3. PII Check: Filters sensitive information from the content source (enabled by default).
  The following PII checks are currently supported:
  - Financial identifiers: Bank account numbers and credit card numbers, including Amex, Diners, Discover, JCB, Mastercard, Visa, and other types.
  - Government identifiers: Social Security Numbers (SSN).
  - Contact information: Email addresses, IP addresses, MAC addresses, phone numbers, and credentials such as access keys (restricted to bearer tokens only).
  Note: Use the skip_pii flag to disable the check.
4. OCR: Processes and extracts images from the content source.

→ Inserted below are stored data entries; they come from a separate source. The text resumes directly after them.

(* There is a one-to-one correspondence between triples of lifted partial permutations of the form $(\tilde S,\tilde f)$, $(\tilde T,\tilde g)$, $(\tilde S,\tilde g\circ\tilde f)$ with $\tilde T=\tilde f(\tilde S)$, and triangularly connected triples of Heegaard states $\mathbf x\in\mathfrak S(\mathcal H_{\alpha\beta})$, $\mathbf y\in\mathfrak S(\mathcal H_{\beta\gamma})$, $\mathbf z\in\mathfrak S(\mathcal H_{\alpha\gamma})$ (where $\mathbf x,\mathbf y,\mathbf z$ correspond to $\tilde f$, $\tilde g$, $\tilde g\circ\tilde f$ respectively). Moreover, if $\psi\in D(\mathbf x,\mathbf y,\mathbf z)$ is the domain connecting them, then for each $i=1,\dots,m$, $$w_i(\tilde f)+w_i(\tilde g)=w_i(\tilde g\circ\tilde f)+n_{O_i}(\psi),$$ where $n_{O_i}(\psi)$ is the local multiplicity of $\psi$ at $O_i$.
   Context: Fix $0<k<m$. $G_m$ is the group of isometries of $\mathbb R$ generated by $x\mapsto1-x$, $x\mapsto2m-1-x$; $Q_2(j-\frac12)$ is the unique $i\in\{1,\dots,m\}$ with $i\equiv j$ or $i\equiv 2-j\pmod{2m-2}$. A lifted partial permutation on $k$ letters is a pair $(\tilde S,\tilde f)$ with $\tilde S\subset\mathbb Z$ $G_m$-invariant, $|\tilde S/G_m|=k$, $\tilde f:\tilde S\to\mathbb Z$ $G_m$-equivariant with injective induced map $\tilde S/G_m\to\mathbb Z/G_m$; $w_j(\tilde f)=\tfrac12\#\{i\in\tilde S: i<j-\tfrac12<\tilde f(i)\text{ or } i>j-\tfrac12>\tilde f(i)\}$. Heegaard triple: in $\mathbb R^2$ with punctures $O_{Q_2(i+1/2)}$ at $(i+\frac12,i+\frac12)$ and $\mathbb G_m$ generated by the $180^\circ$ rotations about $(\frac12,\frac12)$ and $(m-\frac12,m-\frac12)$, take lines $\tilde\alpha_\ell=\{\ell\}\times\mathbb R$, $\tilde\gamma_\ell=\mathbb R\times\{\ell\}$, and a $\mathbb G_m$-invariant family of lines $\tilde\beta_\ell$ ($\ell\in\mathbb Z$) of slope $-1$, with $\tilde\beta_\ell$ crossing the diagonal between $(\ell-\frac12,\ell-\frac12)$ and $(\ell+\frac12,\ell+\frac12)$, and no triple intersection among an $\tilde\alpha$-line, a $\tilde\beta$-line and the diagonal. $\mathcal H=\mathbb R^2/\mathbb G_m$ with the image curves. A Heegaard state for $\mathcal H_{\alpha\beta}$ corresponds to $(\tilde S,\tilde f)$ via its lift $\bigcup_{s\in\tilde S}\tilde\alpha_s\cap\tilde\beta_{\tilde f(s)}$; similarly states of $\mathcal H_{\beta\gamma}$ via $\bigcup_t\tilde\beta_t\cap\tilde\gamma_{\tilde g(t)}$ and of $\mathcal H_{\alpha\gamma}$ via $\bigcup_s\tilde\alpha_s\cap\tilde\gamma_{\tilde h(s)}$. States $\mathbf x,\mathbf y,\mathbf z$ are triangularly connected if their $\mathbb G_m$-equivariant lifts $\tilde{\mathbf x},\tilde{\mathbf y},\tilde{\mathbf z}$ admit $k$ triangles in $\mathbb R^2$ with sides on $\tilde\alpha$, $\tilde\beta$, $\tilde\gamma$ lines in counterclockwise order, whose $\mathbb G_m$-orbits have corners exactly at $\tilde{\mathbf x},\tilde{\mathbf y},\tilde{\mathbf z}$; the quotient of these triangles is a two-chain $\psi\in D(\mathbf x,\mathbf y,\mathbf z)$ (two-chains with $\mathbf x$ as initial $\alpha\beta$ corners, $\mathbf y$ initial $\beta\gamma$ corners, $\mathbf z$ terminal $\alpha\gamma$ corners). *)

theory Defs
  imports "HOL-Analysis.Analysis"
begin

inductive_set GZ :: "nat \<Rightarrow> (int \<Rightarrow> int) set" for m :: nat where
  GZ_id: "id \<in> GZ m"
| GZ_r1: "g \<in> GZ m \<Longrightarrow> (\<lambda>x. 1 - x) \<circ> g \<in> GZ m"
| GZ_r2: "g \<in> GZ m \<Longrightarrow> (\<lambda>x. 2 * int m - 1 - x) \<circ> g \<in> GZ m"

definition Gorbit :: "nat \<Rightarrow> int \<Rightarrow> int set" where
  "Gorbit m x = (\<lambda>g. g x) ` GZ m"

section \<open>Lifted partial permutations (S,f) represented as partial maps with dom f = S\<close>

definition LPP :: "nat \<Rightarrow> nat \<Rightarrow> (int \<Rightarrow> int option) \<Rightarrow> bool" where
  "LPP m k f \<longleftrightarrow>
     (\<forall>g\<in>GZ m. \<forall>x\<in>dom f. g x \<in> dom f) \<and>
     card (Gorbit m ` dom f) = k \<and>
     (\<forall>g\<in>GZ m. \<forall>x\<in>dom f. f (g x) = map_option g (f x)) \<and>
     (\<forall>x\<in>dom f. \<forall>y\<in>dom f.
        Gorbit m (the (f x)) = Gorbit m (the (f y)) \<longrightarrow> Gorbit m x = Gorbit m y)"

definition wt :: "int \<Rightarrow> (int \<Rightarrow> int option) \<Rightarrow> real" where
  "wt j f = real (card {i\<in>dom f.
      (real_of_int i < real_of_int j - 1/2 \<and> real_of_int j - 1/2 < real_of_int (the (f i))) \<or>
      (real_of_int i > real_of_int j - 1/2 \<and> real_of_int j - 1/2 > real_of_int (the (f i)))}) / 2"

definition alphaL :: "int \<Rightarrow> (real \<times> real) set" where
  "alphaL l = {p. fst p = real_of_int l}"

definition gammaL :: "int \<Rightarrow> (real \<times> real) set" where
  "gammaL l = {p. snd p = real_of_int l}"

definition betaL :: "(int \<Rightarrow> real) \<Rightarrow> int \<Rightarrow> (real \<times> real) set" where
  "betaL c l = {p. fst p + snd p = c l}"

inductive_set GR :: "nat \<Rightarrow> (real \<times> real \<Rightarrow> real \<times> real) set" for m :: nat where
  GR_id: "id \<in> GR m"
| GR_r1: "g \<in> GR m \<Longrightarrow> (\<lambda>p. (1 - fst p, 1 - snd p)) \<circ> g \<in> GR m"
| GR_r2: "g \<in> GR m \<Longrightarrow>
     (\<lambda>p. (2 * real m - 1 - fst p, 2 * real m - 1 - snd p)) \<circ> g \<in> GR m"

definition liftAB :: "(int \<Rightarrow> real) \<Rightarrow> (int \<Rightarrow> int option) \<Rightarrow> (real \<times> real) set" where
  "liftAB c f = (\<Union>s\<in>dom f. alphaL s \<inter> betaL c (the (f s)))"

definition liftBG :: "(int \<Rightarrow> real) \<Rightarrow> (int \<Rightarrow> int option) \<Rightarrow> (real \<times> real) set" where
  "liftBG c g = (\<Union>t\<in>dom g. betaL c t \<inter> gammaL (the (g t)))"

definition liftAG :: "(int \<Rightarrow> int option) \<Rightarrow> (real \<times> real) set" where
  "liftAG h = (\<Union>s\<in>dom h. alphaL s \<inter> gammaL (the (h s)))"

definition statesAB :: "nat \<Rightarrow> nat \<Rightarrow> (int \<Rightarrow> real) \<Rightarrow> (real \<times> real) set set" where
  "statesAB m k c = {liftAB c f | f. LPP m k f}"

definition statesBG :: "nat \<Rightarrow> nat \<Rightarrow> (int \<Rightarrow> real) \<Rightarrow> (real \<times> real) set set" where
  "statesBG m k c = {liftBG c g | g. LPP m k g}"

definition statesAG :: "nat \<Rightarrow> nat \<Rightarrow> (real \<times> real) set set" where
  "statesAG m k = {liftAG h | h. LPP m k h}"

section \<open>Triangles with sides on alpha_s, beta_t, gamma_h\<close>

definition cornerAB :: "(int \<Rightarrow> real) \<Rightarrow> int \<times> int \<times> int \<Rightarrow> real \<times> real" where
  "cornerAB c \<tau> = (case \<tau> of (s, t, h) \<Rightarrow> (real_of_int s, c t - real_of_int s))"

definition cornerBG :: "(int \<Rightarrow> real) \<Rightarrow> int \<times> int \<times> int \<Rightarrow> real \<times> real" where
  "cornerBG c \<tau> = (case \<tau> of (s, t, h) \<Rightarrow> (c t - real_of_int h, real_of_int h))"

definition cornerAG :: "int \<times> int \<times> int \<Rightarrow> real \<times> real" where
  "cornerAG \<tau> = (case \<tau> of (s, t, h) \<Rightarrow> (real_of_int s, real_of_int h))"

definition triRegion :: "(int \<Rightarrow> real) \<Rightarrow> int \<times> int \<times> int \<Rightarrow> (real \<times> real) set" where
  "triRegion c \<tau> = convex hull {cornerAB c \<tau>, cornerBG c \<tau>, cornerAG \<tau>}"

definition triWitness :: "nat \<Rightarrow> nat \<Rightarrow> (int \<Rightarrow> real) \<Rightarrow> (real \<times> real) set \<Rightarrow>
    (real \<times> real) set \<Rightarrow> (real \<times> real) set \<Rightarrow> (int \<times> int \<times> int) set \<Rightarrow> bool" where
  "triWitness m k c x y z Tri \<longleftrightarrow>
     finite Tri \<and> card Tri = k \<and>
     (\<Union>\<rho>\<in>GR m. \<Union>\<tau>\<in>Tri. {\<rho> (cornerAB c \<tau>)}) = x \<and>
     (\<Union>\<rho>\<in>GR m. \<Union>\<tau>\<in>Tri. {\<rho> (cornerBG c \<tau>)}) = y \<and>
     (\<Union>\<rho>\<in>GR m. \<Union>\<tau>\<in>Tri. {\<rho> (cornerAG \<tau>)}) = z"

definition triConnected :: "nat \<Rightarrow> nat \<Rightarrow> (int \<Rightarrow> real) \<Rightarrow> (real \<times> real) set \<Rightarrow>
    (real \<times> real) set \<Rightarrow> (real \<times> real) set \<Rightarrow> bool" where
  "triConnected m k c x y z \<longleftrightarrow> (\<exists>Tri. triWitness m k c x y z Tri)"

text \<open>Local multiplicity at O_i of the quotient two-chain psi of the triangles Tri:
  number of pairs (tau, rho) with the lift (i-1/2, i-1/2) of O_i in rho(tau).\<close>
definition multO :: "nat \<Rightarrow> (int \<Rightarrow> real) \<Rightarrow> (int \<times> int \<times> int) set \<Rightarrow> nat \<Rightarrow> nat" where
  "multO m c Tri i = (\<Sum>\<tau>\<in>Tri.
     card {\<rho>\<in>GR m. (real i - 1/2, real i - 1/2) \<in> \<rho> ` triRegion c \<tau>})"

end

theory Submission
  imports Defs
begin

text \<open>Every element of \<open>G\<^sub>m\<close> has the form \<open>x \<mapsto> \<plusminus>x + n(2m - 2)\<close> (plus \<open>1\<close> for
  reflections), and the same formula acts diagonally on the plane. Since the \<open>\<beta>\<close>-lines are
  permuted, this action sends the corners \<open>\<alpha>\<^sub>s \<inter> \<beta>\<^sub>t\<close>, \<open>\<beta>\<^sub>t \<inter> \<gamma>\<^sub>h\<close>,
  \<open>\<alpha>\<^sub>s \<inter> \<gamma>\<^sub>h\<close> of the triangle labelled \<open>(s, t, h)\<close> to the corners of the triangle whose
  labels are moved componentwise. A triangle has its three corners in the lifts of \<open>f\<close>, \<open>g\<close>,
  \<open>h\<close> exactly when \<open>t = f s\<close> and \<open>h = g t\<close>; hence triangularly connected states are the lifts
  of composable pairs, with \<open>h = g \<circ> f\<close>, and the connecting triangles are the triples
  \<open>(s, f s, g (f s))\<close> for \<open>s\<close> in a transversal of the orbits of \<open>S\<close>.

  The point \<open>(j - 1/2, j - 1/2)\<close> lies in the triangle \<open>(s, t, h)\<close> iff \<open>t\<close> lies on one side of
  \<open>j - 1/2\<close> and \<open>s\<close>, \<open>h\<close> on the other. As \<open>G\<^sub>m\<close> acts freely on \<open>\<int>\<close>, \<open>n\<^sub>O\<^sub>j(\<psi>)\<close>
  counts the \<open>s \<in> S\<close> with this property, and the weight identity is a pointwise count: the path
  \<open>s \<rightarrow> f s \<rightarrow> g (f s)\<close> crosses \<open>j - 1/2\<close> as often as \<open>s \<rightarrow> g (f s)\<close>, plus twice exactly
  in that case.\<close>

section \<open>The group \<open>G\<^sub>m\<close> and its actions\<close>

definition gact :: "nat \<Rightarrow> bool \<times> int \<Rightarrow> 'a::comm_ring_1 \<Rightarrow> 'a" where
  "gact m \<sigma> x = (if fst \<sigma> then 1 - x else x) + of_int (snd \<sigma> * (2 * int m - 2))"

definition gmul :: "bool \<times> int \<Rightarrow> bool \<times> int \<Rightarrow> bool \<times> int" where
  "gmul \<sigma> \<tau> = (fst \<sigma> \<noteq> fst \<tau>, snd \<sigma> + (if fst \<sigma> then - snd \<tau> else snd \<tau>))"

definition ginv :: "bool \<times> int \<Rightarrow> bool \<times> int" where
  "ginv \<sigma> = (fst \<sigma>, if fst \<sigma> then snd \<sigma> else - snd \<sigma>)"

lemma gact_gmul: "gact m \<sigma> (gact m \<tau> x) = gact m (gmul \<sigma> \<tau>) x"
  by (cases \<sigma>; cases \<tau>) (auto simp: gact_def gmul_def algebra_simps)

lemma gact_ginv: "gact m (ginv \<sigma>) (gact m \<sigma> x) = x"
  by (cases \<sigma>) (auto simp: gact_def ginv_def algebra_simps)

lemma gact_unit [simp]: "gact m (False, 0) x = x"
  by (simp add: gact_def)

lemma gact_comp: "gact m \<sigma> \<circ> gact m \<tau> = gact m (gmul \<sigma> \<tau>)"
  by (simp add: fun_eq_iff gact_gmul)

lemma gact_unit_eq_id: "gact m (False, 0) = id"
  by (simp add: fun_eq_iff)

lemma gact_of_int: "gact m \<sigma> (of_int x) = of_int (gact m \<sigma> x)"
  by (simp add: gact_def)

lemma gact_diff: "gact m \<sigma> (x - y) = gact m \<sigma> x + gact m \<sigma> 0 - gact m \<sigma> y"
  by (simp add: gact_def algebra_simps)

5. HAP: Checks for Hate, Abuse, and Profanity content. Files containing such content are not ingested (enabled by default).
  
  Note: Use the skip_hap flag to disable the check.
6. Click Ingest to begin processing.
Data in the processing stage appears under your defined collection source name from the specified bucket.
Once the ingestion completes, the collection source appears on the Content Ingestion page. You can:
- Search for a collection source by name using the search icon.
- Filter collection sources by type or ingestion status by using the filter icon.
- Delete collection sources by selecting them and clicking Delete.

What to do next

Use the AI Assistant to submit queries and receive relevant responses from the documents you ingested.